Dr. Barrett noted that some targets previously considered too risky are being revisited as CAR T technology improves. Advances in cell engineering, many pioneered by Drs. June and Sadelain, are expanding the therapeutic window, making it possible to safely target antigens with limited normal tissue expression.

Target Selection as the Foundation for the Field

The panelists agreed that target selection is not just one component of CAR T-cell therapy, it is the foundation. Dr. June’s clinical insights, Dr. Sadelain’s innovations in CAR design, and Dr. Barrett’s translational perspective all draw the same conclusion.
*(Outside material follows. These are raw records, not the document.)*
lemma tcoef_Kder:
  assumes "admissible_weight \<omega>" "lam \<noteq> 0"
  shows "tcoef (Kder \<omega> lam l) n = Kder_coeff \<omega> lam l n"
proof -
  have "fps_conv_radius (Abs_fps (Kder_coeff \<omega> lam l)) > 0"
    using fps_conv_radius_Kder[OF assms] assms(2) by simp
  then have "eval_fps (Abs_fps (Kder_coeff \<omega> lam l)) has_fps_expansion Abs_fps (Kder_coeff \<omega> lam l)"
    by (rule eval_fps_has_fps_expansion)
  from fps_nth_fps_expansion[OF this, of n] show ?thesis
    unfolding tcoef_def Kder_eq_eval_fps by simp
qed

lemma higher_deriv_sums_tcoef:
  assumes "u holomorphic_on ball 0 R" "cmod w < R"
  shows "(\<lambda>n. tcoef u (n + l) * (fact (n + l) / fact n) * w ^ n) sums (deriv ^^ l) u w"
proof -
  have "(deriv ^^ l) u holomorphic_on ball 0 R"
    by (rule holomorphic_higher_deriv[OF assms(1)]) auto
  then have "(\<lambda>n. (deriv ^^ n) ((deriv ^^ l) u) 0 / fact n * (w - 0) ^ n) sums (deriv ^^ l) u w"
    by (rule holomorphic_power_series) (use assms(2) in auto)
  then show ?thesis by (simp add: tcoef_def funpow_add)
qed

lemma Kder_reproducing:
  assumes u: "u holomorphic_on ball 0 R" "cmod lam < R" and pos: "\<And>n. \<omega> n > 0"
  shows "(\<lambda>n. of_real (\<omega> n) * tcoef u n * cnj (Kder_coeff \<omega> lam l n)) sums (deriv ^^ l) u lam"
proof -
  let ?g = "\<lambda>n. of_real (\<omega> n) * tcoef u n * cnj (Kder_coeff \<omega> lam l n)"
  have "?g (i + l) = tcoef u (i + l) * (fact (i + l) / fact i) * lam ^ i" for i
    using pos[of "i + l"] by (simp add: Kder_coeff_def field_simps)
  then have "(\<lambda>i. ?g (i + l)) sums (deriv ^^ l) u lam"
    using higher_deriv_sums_tcoef[OF u, of l] by simp
  moreover have "(\<Sum>i<l. ?g i) = 0" by (simp add: Kder_coeff_def)
  ultimately show ?thesis using sums_iff_shift[of ?g l] by simp
qed

section \<open>The weighted inner product\<close>

lemma summable_weighted_inner:
  assumes w: "\<And>n. \<omega> n \<ge> 0"
    and a: "summable (\<lambda>n. \<omega> n * cmod (a n)^2)" and c: "summable (\<lambda>n. \<omega> n * cmod (c n)^2)"
  shows "summable (\<lambda>n. of_real (\<omega> n) * a n * cnj (c n))"
proof (rule summable_norm_cancel, rule summable_comparison_test'[where N = 0])
  show "summable (\<lambda>n. \<omega> n * cmod (a n)^2 + \<omega> n * cmod (c n)^2)" using a c by (rule summable_add)
next
  fix n
  have "cmod (a n) * cmod (c n) \<le> cmod (a n)^2 + cmod (c n)^2"
    by (smt (verit) mult_left_mono norm_ge_zero power2_eq_square zero_le_square mult_right_mono)
  then have "\<omega> n * (cmod (a n) * cmod (c n)) \<le> \<omega> n * (cmod (a n)^2 + cmod (c n)^2)"
    using w[of n] by (rule mult_left_mono)
  then show "norm (norm (of_real (\<omega> n) * a n * cnj (c n))) \<le> \<omega> n * cmod (a n)^2 + \<omega> n * cmod (c n)^2"
    using w[of n] by (simp add: norm_mult algebra_simps)
qed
Without the right target, improvements in trafficking, persistence, or tumor microenvironment modulation will have limited impact.

At the same time, their collective work suggests a path forward. By expanding the search for novel antigens, refining multi-target strategies, and integrating deeper biological understanding into CAR design, the field is gradually overcoming the barriers that have long limited solid tumor success.

As Dr. Sadelain noted, the next breakthroughs may come not from better engineering alone, but from discovering entirely new classes of targets. For a field that began with a single, unusually ideal antigen, the future of CAR T therapy in solid tumors will depend on finding the next generation of targets, ones that are not just effective, but truly specific.